I got up and walked out of the office. walked around the building a little and just felt all wrong. I was light headed and my vision had become a bit odd. I started getting this sense that I can only describe being as if I was watching myself on TV. I had a conversation with someone and it was like I was inside my own body taking part in the conversation but it wasnt me? I know, that's hard to imagine!
So, in the end I went home. Made my excuses from work and just left. I called my wife and told her what had happened. she was worried as her father had an anurysm (sorry, spelling?) a few years back. I called NHS helpline and the people agreed that it was strange what I described and suggested I contacted my GP. So thats what I done.
As the day went on, I calmed down somewhat. I took the next day off work and me and my wife just spent the day out together with granny at home watching the kids.
I went to the GP and he put it down to stress. Saying I should have time off work or a holiday. Said to come back in 4 weeks if it hadnt subsided.
Initially I thougt it was getting better but then I started getting the old symptoms. I can be fine one second and the woosh, there it is again and I feel like I push myself on this downward spiral. I feel a symptom (is that tingle in my finger part of it? etc) and start thinjking about it and then another symptom comes and then the vision goes.
It's been a relief somewhat reading some of this forum. so many of my symptoms are listed here. Pressure on my head (in particular temples), tinnitus like symptoms, depersonalisation (now thats just so odd/scary - feeling like Im trapped inside my own head), light headedness and dizzy vision (dont know how to explain this one. Static objects in my vision can appear to move). I often have a general "buzz" feeling about me and last but not least the old butterflies in my stomach. they can be there for hours for no reason at all.
Over the last couple of weeks its been on & off.

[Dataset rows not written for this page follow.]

(* Let $q,M,j,y$ be positive integers with $M,j\in[1,q]$ and $y\in[j,q]$. Then $$|\{a\in[0,M-1]\cap\mathbb{Z}: y-j\le (aj)_q<y\}|=\lfloor Mj/q\rfloor+\chi\big(y\le (Mj)_q\big).$$
   Context: For an integer $\ell$, $(\ell)_q$ denotes the least nonnegative residue of $\ell$ modulo $q$. For an inequality $Q$, $\chi(Q)$ equals $1$ if $Q$ is true and $0$ if $Q$ is false. *)

theory Defs
  imports Main
begin

end

theory Submission
  imports Defs
begin

text \<open>Put \<open>F n = n div q + [y \<le> n mod q]\<close>. Adding \<open>j \<le> q\<close> to \<open>n\<close> with residue \<open>r\<close>
  either keeps the quotient and moves the residue to \<open>r + j\<close>, or raises the quotient by one and
  moves the residue to \<open>r + j - q < j \<le> y\<close>; in both cases \<open>F\<close> grows by exactly
  \<open>[y - j \<le> r < y]\<close>. Telescoping \<open>F\<close> along \<open>n = 0, j, 2j, \<dots>, M j\<close> therefore counts the
  \<open>a < M\<close> whose residue \<open>a j mod q\<close> lies in the window \<open>[y - j, y)\<close>, and \<open>F 0 = 0\<close> as \<open>y > 0\<close>.\<close>

lemma div_add_threshold_step:
  fixes n q j y :: nat
  assumes "0 < q" and "j \<le> y" and "y \<le> q"
  shows "(n + j) div q + of_bool (y \<le> (n + j) mod q)
       = n div q + of_bool (y \<le> n mod q) + of_bool (y - j \<le> n mod q \<and> n mod q < y)"
proof -
  define r where "r = n mod q"
  have "r < q"
    using \<open>0 < q\<close> by (simp add: r_def)
  have decomp: "n + j = (r + j) + n div q * q"
    by (simp add: r_def)
  have div_eq: "(n + j) div q = n div q + (r + j) div q"
    using \<open>0 < q\<close> by (subst decomp) simp
  have mod_eq: "(n + j) mod q = (r + j) mod q"
    by (subst decomp) simp
  show ?thesis
  proof (cases "r + j < q")
    case True
    then show ?thesis
      using \<open>j \<le> y\<close> by (auto simp: div_eq mod_eq r_def[symmetric])
  next
    case False
    then have "(r + j) div q = 1" and "(r + j) mod q = r + j - q"
      using \<open>r < q\<close> \<open>j \<le> y\<close> \<open>y \<le> q\<close> by (simp_all add: div_if mod_if)
    then show ?thesis
      using False \<open>r < q\<close> \<open>j \<le> y\<close> \<open>y \<le> q\<close> by (auto simp: div_eq mod_eq r_def[symmetric])
  qed
qed

lemma card_residues_in_window:
  fixes q M j y :: nat
  assumes "0 < q" and "0 < y" and "j \<le> y" and "y \<le> q"
  shows "card {a \<in> {..<M}. y - j \<le> (a * j) mod q \<and> (a * j) mod q < y}
       = (M * j) div q + of_bool (y \<le> (M * j) mod q)"
proof (induction M)
  case 0
  show ?case
    using \<open>0 < y\<close> by simp
next
  case (Suc M)
  let ?hit = "\<lambda>a. y - j \<le> (a * j) mod q \<and> (a * j) mod q < y"
  have "{a \<in> {..<Suc M}. ?hit a} = (if ?hit M then insert M else id) {a \<in> {..<M}. ?hit a}"
    by (auto simp: lessThan_Suc)
  then have "card {a \<in> {..<Suc M}. ?hit a} = card {a \<in> {..<M}. ?hit a} + of_bool (?hit M)"
    by simp
  also have "\<dots> = (Suc M * j) div q + of_bool (y \<le> (Suc M * j) mod q)"
    using Suc.IH div_add_threshold_step[OF \<open>0 < q\<close> \<open>j \<le> y\<close> \<open>y \<le> q\<close>, of "M * j"]
    by (simp add: add.commute)
  finally show ?case .
qed

theorem lemma7p1:
  fixes q M j y :: nat
  assumes "0 < q" and "1 \<le> M" and "M \<le> q" and "1 \<le> j" and "j \<le> q"
    and "j \<le> y" and "y \<le> q"
  shows "card {a \<in> {0..M-1}. y - j \<le> (a * j) mod q \<and> (a * j) mod q < y}
         = (M * j) div q + (if y \<le> (M * j) mod q then 1 else 0)"
proof -
  have "{0..M-1} = {..<M}"
    using \<open>1 \<le> M\<close> by auto
  moreover have "0 < y"
    using \<open>1 \<le> j\<close> \<open>j \<le> y\<close> by simp
  ultimately show ?thesis
    using card_residues_in_window[OF \<open>0 < q\<close> _ \<open>j \<le> y\<close> \<open>y \<le> q\<close>, of M] by simp
qed

end
lemma raag_step_subst_word:
  assumes "symp E" and comm: "\<And>a c. E a c \<Longrightarrow> word_eq E (f a @ f c) (f c @ f a)"
    and "raag_step E x y"
  shows "word_eq E (subst_word f x) (subst_word f y)"
  using assms(3)
proof (induction rule: raag_step.induct)
  case (cancel xs a b ys)
  have "word_eq E (subst_letter f (a, b) @ subst_letter f (a, \<not> b)) []"
    by (cases b) (simp_all add: word_eq_right_inverse word_eq_left_inverse)
  from word_eq_append_cong[OF this] show ?case by simp
next
  case (commute a c xs b d ys)
  have ac: "word_eq E (f a @ f c) (f c @ f a)" and ca: "word_eq E (f c @ f a) (f a @ f c)"
    using comm commute sympD[OF assms(1)] by blast+
  have "word_eq E (word_inv (f a) @ f c) (f c @ word_inv (f a))"
    and "word_eq E (word_inv (f c) @ f a) (f a @ word_inv (f c))"
    and "word_eq E (word_inv (f a) @ word_inv (f c)) (word_inv (f c) @ word_inv (f a))"
    using word_eq_commute_word_inv[OF ac] word_eq_commute_word_inv[OF ca]
      word_eq_word_inv[OF assms(1) ca] by simp_all
  then have "word_eq E (subst_letter f (a, b) @ subst_letter f (c, d))
                       (subst_letter f (c, d) @ subst_letter f (a, b))"
    using ac equivclp_sym by (cases b; cases d) fastforce+
  from word_eq_append_cong[OF this] show ?case by simp
qed

lemma word_eq_subst_word:
  assumes "symp E" and "\<And>a c. E a c \<Longrightarrow> word_eq E (f a @ f c) (f c @ f a)"
  shows "word_eq E x y \<Longrightarrow> word_eq E (subst_word f x) (subst_word f y)"
  by (rule equivclp_map[where f="subst_word f"]) (use raag_step_subst_word[OF assms] in auto)

lemma exp_sum_Nil [simp]: "exp_sum c [] = 0"
  by (simp add: exp_sum_def)

lemma exp_sum_Cons [simp]:
  "exp_sum c ((a, b) # y) = (if a = c then (if b then 1 else -1) else 0) + exp_sum c y"
  by (auto simp: exp_sum_def)
(* Assume Condition (T) (see context) and let $(\mathbf W_t)_{t\in\mathbb Z}$ be the stationary solution of $\mathbf W_t=\mathbf A_t\mathbf W_{t-1}+\mathbf B_t$. For any $\ell\le d$ and $s\in\mathbb N$, let $Q_F(s)=\sum_{n=0}^{s-1}\Pi^{(\ell)}_nD_{\ell,-n}$. Then $Q_F(s)=Q_W(s)+Q_B(s)$ a.s., where $$Q_W(s)=\sum_{j:\,\ell\vartriangleleft j}\pi_{\ell j}(s)W_{j,-s},\qquad Q_B(s)=\sum_{n=0}^{s-1}\Pi^{(\ell)}_n\Big(B_{\ell,-n}+\sum_{j:\,\ell\vartriangleleft j}\ \sum_{m=1}^{s-n-1}\pi'_{\ell j}(-n,-n-m+1)B_{j,-n-m}\Big).$$ Moreover $\mathbb E\,Q_B(s)^{\widetilde\alpha_\ell}<\infty$.
   Context: $(\mathbf A_t,\mathbf B_t)_{t\in\mathbb Z}$ is an i.i.d. sequence of copies of $(\mathbf A,\mathbf B)$, a random $d\times d$ matrix and random vector in $\mathbb R^d$, entries $A_{ij,t}$, $B_{i,t}$. Condition (T): (T-1) $\mathbf A\ge 0$, $\mathbf B\ge 0$ entrywise a.s.; (T-2) $\mathbb P(B_i=0)<1$; (T-3) $\mathbb P(A_{ij}=0)=1$ whenever $i>j$; (T-4) there exist $\alpha_1,\dots,\alpha_d>0$, pairwise distinct, with $\mathbb E A_{ii}^{\alpha_i}=1$; (T-5) $\mathbb E A_{ij}^{\alpha_i}<\infty$; (T-6) $\mathbb E B_i^{\alpha_i}<\infty$; (T-7) $\mathbb E[A_{ii}^{\alpha_i}\log^+A_{ii}]<\infty$; (T-8) the law of $\log A_{ii}$ given $\{A_{ii}>0\}$ is non-arithmetic. Under (T) the stationary solution $\mathbf W_t=(W_{1,t},\dots,W_{d,t})$ exists and is unique. Relations: $i\preccurlyeq j$ if $\mathbb P(A_{ij}>0)>0$; $i\prec j$ if $i\preccurlyeq j$, $i\ne j$; $i\trianglelefteq j$ if there is a chain $i=i(0)\preccurlyeq i(1)\preccurlyeq\dots\preccurlyeq i(m)=j$ ($m\ge 0$); $i\vartriangleleft j$ if $i\trianglelefteq j$ and $i\neq j$; $\widetilde\alpha_i=\min\{\alpha_j:i\trianglelefteq j\}$. Notation: $\Pi^{(\ell)}_n=A_{\ell\ell,0}\cdots A_{\ell\ell,-n+1}$, $\Pi^{(\ell)}_0=1$; $D_{\ell,t}=\sum_{j:\ell\prec j}A_{\ell j,t}W_{j,t-1}+B_{\ell,t}$. For $m\ge1$ let $H_m(i,j)$ be the set of sequences $(h(0),\dots,h(m))$ with $h(0)=i$, $h(m)=j$, $h(k)\preccurlyeq h(k+1)$ for all $k$, and $H'_m(i,j)=\{h\in H_m(i,j): h(1)\neq i\}$. Set $\pi_{ij}(s)=\sum_{h\in H_s(i,j)}\prod_{p=0}^{s-1}A_{h(p)h(p+1),-p}$ (the $(i,j)$ entry of $\mathbf A_0\mathbf A_{-1}\cdots\mathbf A_{-s+1}$) and $\pi'_{\ell j}(-n,-n-m+1)=\sum_{h\in H'_m(\ell,j)}\prod_{p=0}^{m-1}A_{h(p)h(p+1),-n-p}$. *)

theory Defs
  imports "HOL-Probability.Probability"
begin
definition orlicz_modular :: "(real \<Rightarrow> real) \<Rightarrow> (real \<Rightarrow> real) \<Rightarrow> real \<Rightarrow> ennreal" where
  "orlicz_modular M g l = (\<integral>\<^sup>+ t \<in> {0<..<1}. ennreal (M (\<bar>g t\<bar> / l)) \<partial>lborel)"

lemma orlicz_norm_le:
  assumes "0 < l" and "orlicz_modular M g l \<le> 1"
  shows "orlicz_norm M g \<le> l"
  unfolding orlicz_norm_def using assms
  by (intro cInf_lower) (auto simp: orlicz_modular_def intro!: bdd_belowI[of _ 0])

lemma le_orlicz_norm:
  assumes "0 < l" and "orlicz_modular M g l \<le> 1"
    and "\<And>l. 0 < l \<Longrightarrow> orlicz_modular M g l \<le> 1 \<Longrightarrow> c \<le> l"
  shows "c \<le> orlicz_norm M g"
  unfolding orlicz_norm_def using assms
  by (intro cInf_greatest) (auto simp: orlicz_modular_def)

lemma orlicz_norm_nonneg:
  assumes "g \<in> orlicz_space M"
  shows "0 \<le> orlicz_norm M g"
  using assms unfolding orlicz_space_def
  by (auto simp: orlicz_modular_def intro!: le_orlicz_norm)

lemma orlicz_modular_rearr:
  assumes "orlicz_function M" and "finite_measure N" and "A \<in> sets N"
    and "f \<in> borel_measurable N" and "0 < measure N A"
  shows "measure N A * orlicz_modular M (\<lambda>t. rearr N f A (t * measure N A)) l
    = (\<integral>\<^sup>+ x \<in> A. ennreal (M (norm (f x) / l)) \<partial>N)"
proof -
  have [measurable]: "M \<in> borel_measurable borel"
    using assms(1) by (rule orlicz_function_borel_measurable)
  show ?thesis
    unfolding orlicz_modular_def using assms(2-)
    by (subst finite_measure.nn_integral_rearr) auto
qed
theorem proposition3:
  fixes \<mu> \<mu>' \<mu>'' V V' :: "real \<Rightarrow> real"
    and Y :: "real set" and a \<psi> s :: real
    and n :: nat and x :: "nat \<Rightarrow> real^'p::finite" and \<gamma> :: "'p set"
  assumes Y_interval: "is_interval Y" and a_in: "a \<in> Y"
    and mu_range: "\<And>\<eta>. \<mu> \<eta> \<in> Y"
    and mu_d1: "\<And>\<eta>. (\<mu> has_real_derivative \<mu>' \<eta>) (at \<eta>)"
    and mu_d2: "\<And>\<eta>. (\<mu>' has_real_derivative \<mu>'' \<eta>) (at \<eta>)"
    and V_pos: "\<And>t. t \<in> Y \<Longrightarrow> V t > 0"
    and V_d: "\<And>t. t \<in> Y \<Longrightarrow> (V has_real_derivative V' t) (at t within Y)"
    and psi_pos: "\<psi> > 0" and s_pos: "s > 0"
    and rank: "full_col_rank n x \<gamma>"
  shows
    "(\<forall>y. (\<forall>i<n. y i \<in> Y) \<longrightarrow>
        (\<forall>i<n. \<forall>b\<in>model_space \<gamma>.
           V' (\<mu> (lin_pred (x i) \<gamma> b)) / V (\<mu> (lin_pred (x i) \<gamma> b))
             * (\<mu>' (lin_pred (x i) \<gamma> b))\<^sup>2 - \<mu>'' (lin_pred (x i) \<gamma> b) = 0) \<longrightarrow>
        convex_on (model_space \<gamma>) (mn \<mu> V a \<psi> s n y x \<gamma>))
     \<and>
     (\<forall>(M :: 'w measure) (yr :: 'w \<Rightarrow> nat \<Rightarrow> real) (\<beta>s :: real^'p).
        prob_space M \<longrightarrow>
        (\<forall>\<omega>\<in>space M. \<forall>i<n. yr \<omega> i \<in> Y) \<longrightarrow>
        (\<forall>i<n. integrable M (\<lambda>\<omega>. yr \<omega> i)
               \<and> (\<integral>\<omega>. yr \<omega> i \<partial>M) = \<mu> (\<Sum>j\<in>UNIV. x i $ j * \<beta>s $ j)) \<longrightarrow>
        {j. \<beta>s $ j \<noteq> 0} \<subseteq> \<gamma> \<longrightarrow>
        (let d = (\<lambda>i. (\<mu>' (lin_pred (x i) \<gamma> (restr \<gamma> \<beta>s)))\<^sup>2
                        / V (\<mu> (lin_pred (x i) \<gamma> (restr \<gamma> \<beta>s))));
             A = (\<lambda>j k. (1 / \<psi>) * (\<Sum>i<n. x i $ j * d i * x i $ k)
                         + (if j = k then 1 / s\<^sup>2 else 0))
         in (\<forall>j\<in>\<gamma>. \<forall>k\<in>\<gamma>.
               integrable M (\<lambda>\<omega>. hessian_entry (mn \<mu> V a \<psi> s n (yr \<omega>) x \<gamma>) j k (restr \<gamma> \<beta>s))
             \<and> (\<integral>\<omega>. hessian_entry (mn \<mu> V a \<psi> s n (yr \<omega>) x \<gamma>) j k (restr \<gamma> \<beta>s) \<partial>M) = A j k)
            \<and> pos_def_on \<gamma> A))"
proof -
  interpret quasi_posterior \<mu> \<mu>' \<mu>'' V V' Y a \<psi> s
    by unfold_locales (fact Y_interval a_in mu_range mu_d1 mu_d2 V_pos V_d psi_pos s_pos)+
  show ?thesis
  proof (intro conjI allI impI, goal_cases)
    case (1 y)
    from 1(2) show ?case
      by (rule convex_on_mn)
  next
    case (2 M yr \<beta>s)
    let ?\<eta> = "\<lambda>i. lin_pred (x i) \<gamma> (restr \<gamma> \<beta>s)"
    have hessian: "\<forall>j\<in>\<gamma>. \<forall>k\<in>\<gamma>.
        integrable M (\<lambda>\<omega>. hessian_entry (mn \<mu> V a \<psi> s n (yr \<omega>) x \<gamma>) j k (restr \<gamma> \<beta>s))
        \<and> (\<integral>\<omega>. hessian_entry (mn \<mu> V a \<psi> s n (yr \<omega>) x \<gamma>) j k (restr \<gamma> \<beta>s) \<partial>M)
          = (1 / \<psi>) * (\<Sum>i<n. x i $ j * fisher_weight (?\<eta> i) * x i $ k)
            + (if j = k then 1 / s\<^sup>2 else 0)"
      using 2(3) by (intro ballI expectation_hessian_entry_mn[OF 2(1)])
        (simp_all add: lin_pred_restr[OF 2(4)])
    have pos_def: "pos_def_on \<gamma> (\<lambda>j k. (1 / \<psi>) * (\<Sum>i<n. x i $ j * fisher_weight (?\<eta> i) * x i $ k)
        + (if j = k then 1 / s\<^sup>2 else 0))"
      using psi_pos s_pos by (intro pos_def_on_gram_plus_ridge fisher_weight_nonneg) simp_all
    show ?case
      using hessian pos_def unfolding Let_def fisher_weight_def by (rule conjI)
  qed
qed

end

Sometimes hardly noticing it and others its there quite strong. I've cut down on caffiene (maybe 2-3 coffee per day max), hardly drink and dont smoke. I find running helps, I do 3 or so short jogs a week, just 4 mile or so right now, but that seems to help a bit.
One moment I think "thats it its gone" and the next its sweeping over me and I feel I'm about to lose it again.
Ok, bit long winded but I did warn you.